South Region of Brazil
The South Region of Brazil (Portuguese: Região Sul do Brasil) is one of the five geographical regions of Brazil defined by the Brazilian Institute of Geography and Statistics in 1969. It includes the states of Paraná, Santa Catarina and Rio Grande do Sul.
|Region of Brazil|
|States||Paraná, Santa Catarina, Rio Grande do Sul|
|Largest cities||Curitiba, Porto Alegre, Joinville|
|Highest point||Pico Paraná|
|- location||Southern Brazilian Highlands, Paraná|
|- elevation||1,877 m (6,158 ft)|
|Lowest point||Sea level|
|- elevation||0 m (0 ft)|
|Area||576,774.31 km² (222,694 sq mi)|
|Population||29,439,773 (1 January 2016) |
|Density||51 /km² (132 /sq mi)|
The South Region has an area of 576,774.31 km2 (222,693.81 sq mi), the smallest region of the country.
It is the only region of Brazil located outside the tropical zone, with clear variations about the seasons. In winter there are frosts and rarely snow. The relief is just a bit hilly, with a predominance of a large plateau, in general low.

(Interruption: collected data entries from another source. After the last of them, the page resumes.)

(* Let $G=(V,E)$ be an $r$-regular graph on a finite vertex set $V$ with $|V|$ even. Then $G$ is B-factorizable if and only if, for every HAP table $d\mapsto\{H(d),A(d)\}$ ($d\in\{1,\dots,r\}$), the polytope $P(G,HA)$ contains an integral point whenever it is non-empty. In particular, the complete graph on $V$ is B-factorizable if and only if for every HAP table, $P(K_{|V|},HA)$ contains an integral point whenever it is non-empty.
   Context: Let $V$ be a finite set with $|V|$ even. $K=\binom{V}{2}$ is the set of 2-element subsets of $V$. An equal partition of $V$ is an unordered pair $\{H,A\}$ of disjoint subsets with $H\cup A=V$ and $|H|=|A|=|V|/2$; $C=C(V)$ is the set of equal partitions. For $c=\{H,A\}\in C$, $B_c$ is the complete bipartite graph with parts $H$ and $A$. Vectors live in $\mathbb N^{K\cup C}$ with $\mathbb N=\{0,1,2,\dots\}$; $v|_K$ denotes the restriction to coordinates in $K$. For $E\subseteq K$, $\chi_E\in\{0,1\}^K$ is its indicator vector. For $E\subseteq K$ and $c\in C$, $\chi_{E,c}\in\mathbb N^{K\cup C}$ has $K$-components $\chi_E$ and $C$-components equal to the indicator of $c$. $PM(V)=\{\chi_{q,c}: c\in C,\ q\text{ a perfect matching of }B_c\}$. For $\mathcal M\subseteq\mathbb N^{K\cup C}$, $\mathbf N(\mathcal M)$ is the set of finite nonnegative integer combinations of elements of $\mathcal M$, and $\overline{\mathbf N}(\mathcal M)=\{v\in\mathbb N^{K\cup C}: kv\in\mathbf N(\mathcal M)\text{ for some integer }k\ge1\}$. A regular graph $G=(V,E)$ is B-factorizable if every $v\in\overline{\mathbf N}(PM(V))$ with $v|_K=\chi_E$ belongs to $\mathbf N(PM(V))$. For an $r$-regular graph $G=(V,E)$, a HAP table is a map assigning to each $d\in\{1,\dots,r\}$ an equal partition $\{H(d),A(d)\}\in C$. $P(G,HA)$ is the set of real vectors $(x_{e,d})_{e\in K,\,d\in\{1,\dots,r\}}$ satisfying: (1) $\sum_{d=1}^r x_{e,d}=1$ for every $e\in E$, and $x_{e,d}=0$ for every $e\in K\setminus E$ and every $d$; (2) for every $d$ and every $a\in V$, $\sum_{b\in V\setminus\{a\}}x_{\{a,b\},d}=1$; (3) $0\le x_{e,d}\le1$ for all $e\in E$ and all $d$; (4) $x_{\{a,b\},d}=0$ whenever $\{a,b\}\in E$ and $a,b$ are both in $H(d)$ or both in $A(d)$. *)

theory Defs
  imports Complex_Main
begin

definition Kset :: "'a set \<Rightarrow> 'a set set" where
  "Kset V = {e. \<exists>a b. a \<in> V \<and> b \<in> V \<and> a \<noteq> b \<and> e = {a, b}}"

definition Cset :: "'a set \<Rightarrow> 'a set set set" where
  "Cset V = {c. \<exists>H A. c = {H, A} \<and> H \<inter> A = {} \<and> H \<union> A = V \<and> card H = card A}"

text \<open>Vectors in N^(K \<union> C): functions on the disjoint sum, zero outside K \<union> C.\<close>
type_synonym 'a vec = "'a set + 'a set set \<Rightarrow> nat"

definition idx :: "'a set \<Rightarrow> ('a set + 'a set set) set" where
  "idx V = Inl ` Kset V \<union> Inr ` Cset V"

definition chi_EC :: "'a set \<Rightarrow> 'a set set \<Rightarrow> 'a set set \<Rightarrow> 'a vec" where
  "chi_EC V E c = (\<lambda>i. case i of
       Inl e \<Rightarrow> (if e \<in> Kset V \<and> e \<in> E then 1 else 0)
     | Inr c' \<Rightarrow> (if c' \<in> Cset V \<and> c' = c then 1 else 0))"

definition Bedges :: "'a set set \<Rightarrow> 'a set set" where
  "Bedges c = {e. \<exists>H A h a. c = {H, A} \<and> h \<in> H \<and> a \<in> A \<and> e = {h, a}}"

definition perfect_matching_B :: "'a set \<Rightarrow> 'a set set \<Rightarrow> 'a set set \<Rightarrow> bool" where
  "perfect_matching_B V c q \<longleftrightarrow> q \<subseteq> Bedges c \<and> (\<forall>v\<in>V. \<exists>!e. e \<in> q \<and> v \<in> e)"

definition PM :: "'a set \<Rightarrow> 'a vec set" where
  "PM V = {chi_EC V q c | q c. c \<in> Cset V \<and> perfect_matching_B V c q}"

definition Ncomb :: "'a vec set \<Rightarrow> 'a vec set" where
  "Ncomb M = {v. \<exists>S coef. finite S \<and> S \<subseteq> M \<and>
                   v = (\<lambda>i. \<Sum>m\<in>S. coef m * m i)}"

definition Nbar :: "'a set \<Rightarrow> 'a vec set \<Rightarrow> 'a vec set" where
  "Nbar V M = {v. (\<forall>i. i \<notin> idx V \<longrightarrow> v i = 0) \<and>
                  (\<exists>k::nat. k \<ge> 1 \<and> (\<lambda>i. k * v i) \<in> Ncomb M)}"

definition regular_graph :: "'a set \<Rightarrow> 'a set set \<Rightarrow> nat \<Rightarrow> bool" where
  "regular_graph V E r \<longleftrightarrow> E \<subseteq> Kset V \<and> (\<forall>a\<in>V. card {e \<in> E. a \<in> e} = r)"

definition B_factorizable :: "'a set \<Rightarrow> 'a set set \<Rightarrow> bool" where
  "B_factorizable V E \<longleftrightarrow>
     (\<forall>v \<in> Nbar V (PM V).
        (\<forall>e \<in> Kset V. v (Inl e) = (if e \<in> E then 1 else 0)) \<longrightarrow> v \<in> Ncomb (PM V))"

definition HAP_table :: "'a set \<Rightarrow> nat \<Rightarrow> (nat \<Rightarrow> 'a set set) \<Rightarrow> bool" where
  "HAP_table V r HA \<longleftrightarrow> (\<forall>d \<in> {1..r}. HA d \<in> Cset V)"

definition PGHA :: "'a set \<Rightarrow> 'a set set \<Rightarrow> nat \<Rightarrow> (nat \<Rightarrow> 'a set set)
                     \<Rightarrow> ('a set \<Rightarrow> nat \<Rightarrow> real) set" where
  "PGHA V E r HA = {x.
     (\<forall>e d. \<not> (e \<in> Kset V \<and> d \<in> {1..r}) \<longrightarrow> x e d = 0) \<and>
     (\<forall>e \<in> E. (\<Sum>d = 1..r. x e d) = 1) \<and>
     (\<forall>e \<in> Kset V - E. \<forall>d \<in> {1..r}. x e d = 0) \<and>
     (\<forall>d \<in> {1..r}. \<forall>a \<in> V. (\<Sum>b \<in> V - {a}. x {a, b} d) = 1) \<and>
     (\<forall>e \<in> E. \<forall>d \<in> {1..r}. 0 \<le> x e d \<and> x e d \<le> 1) \<and>
     (\<forall>a b d. {a, b} \<in> E \<and> d \<in> {1..r} \<and> (\<exists>S \<in> HA d. a \<in> S \<and> b \<in> S) \<longrightarrow> x {a, b} d = 0)}"

definition integral_point :: "('a set \<Rightarrow> nat \<Rightarrow> real) \<Rightarrow> bool" where
  "integral_point x \<longleftrightarrow> (\<forall>e d. x e d \<in> \<int>)"

end

theory Submission
  imports Defs "HOL-Library.Multiset"
begin

(* Theorem 4: an r-regular graph G = (V, E) is B-factorizable iff for every HAP table HA the
   polytope P(G,HA), when nonempty, contains an integral point; the complete graph is the case
   E = K, r = |V| - 1.  Both sides are compared through the table vector of HA, i.e.
   (chi_E, number of entries of HA equal to c), and through HA-factorizations of E: families of
   perfect matchings q d of B_(HA d) partitioning E.  Integral points of P(G,HA) are exactly the
   indicator vectors of HA-factorizations, and these exist iff the table vector lies in N(PM).
   (=>) Fourier-Motzkin gives a rational point of P(G,HA); scaled by a common denominator N,
   each colour class is an N-regular multigraph on B_(HA d), hence (Hall, Koenig) a sum of N
   perfect matchings, so the table vector lies in the saturation of N(PM).
   (<=) A vector v of the saturation with K-part chi_E has C-part of total weight r; listing each
   class c exactly v(c) times gives a table with table vector v, and averaging a representation
   k v = sum of generators over the entries of each class gives a point of P(G,HA). *)

(* A linear inequality over a finite index set I is a pair (a, b), read as lin I a x \<le> b. *)
definition lin :: "'v set \<Rightarrow> ('v \<Rightarrow> real) \<Rightarrow> ('v \<Rightarrow> real) \<Rightarrow> real" where
  "lin I a x = (\<Sum>i\<in>I. a i * x i)"

(* The Fourier-Motzkin combination of p and q that cancels the coefficient of variable j
   (a positive combination when p has positive and q negative coefficient at j). *)
definition eliminate :: "'v \<Rightarrow> ('v \<Rightarrow> real) \<times> real \<Rightarrow> ('v \<Rightarrow> real) \<times> real \<Rightarrow> ('v \<Rightarrow> real) \<times> real" where
  "eliminate j p q = ((\<lambda>i. (- fst q j) * fst p i + fst p j * fst q i), (- fst q j) * snd p + fst p j * snd q)"

lemma lin_eliminate:
  "lin I (fst (eliminate j p q)) x = (- fst q j) * lin I (fst p) x + fst p j * lin I (fst q) x"
proof -
  have "lin I (fst (eliminate j p q)) x = (\<Sum>i\<in>I. (- fst q j) * (fst p i * x i) + fst p j * (fst q i * x i))"
    unfolding lin_def eliminate_def by (rule sum.cong) (auto simp: algebra_simps)
  then show ?thesis by (simp only: lin_def sum.distrib sum_distrib_left)
qed

lemma lin_insert: "finite I \<Longrightarrow> j \<notin> I \<Longrightarrow> lin (insert j I) a x = a j * x j + lin I a x"
  by (simp add: lin_def)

The rivers of the southern region are availed for navigation, irrigation agriculture, urban water supply and power generation. The most important rivers are voluminous and have great hydroelectric potential. The Itaipu Dam, on the Parana River, is exploring the potential for power generation in the region. This operation allows the South and the Southeast an increasing use of electricity for domestic and industrial use.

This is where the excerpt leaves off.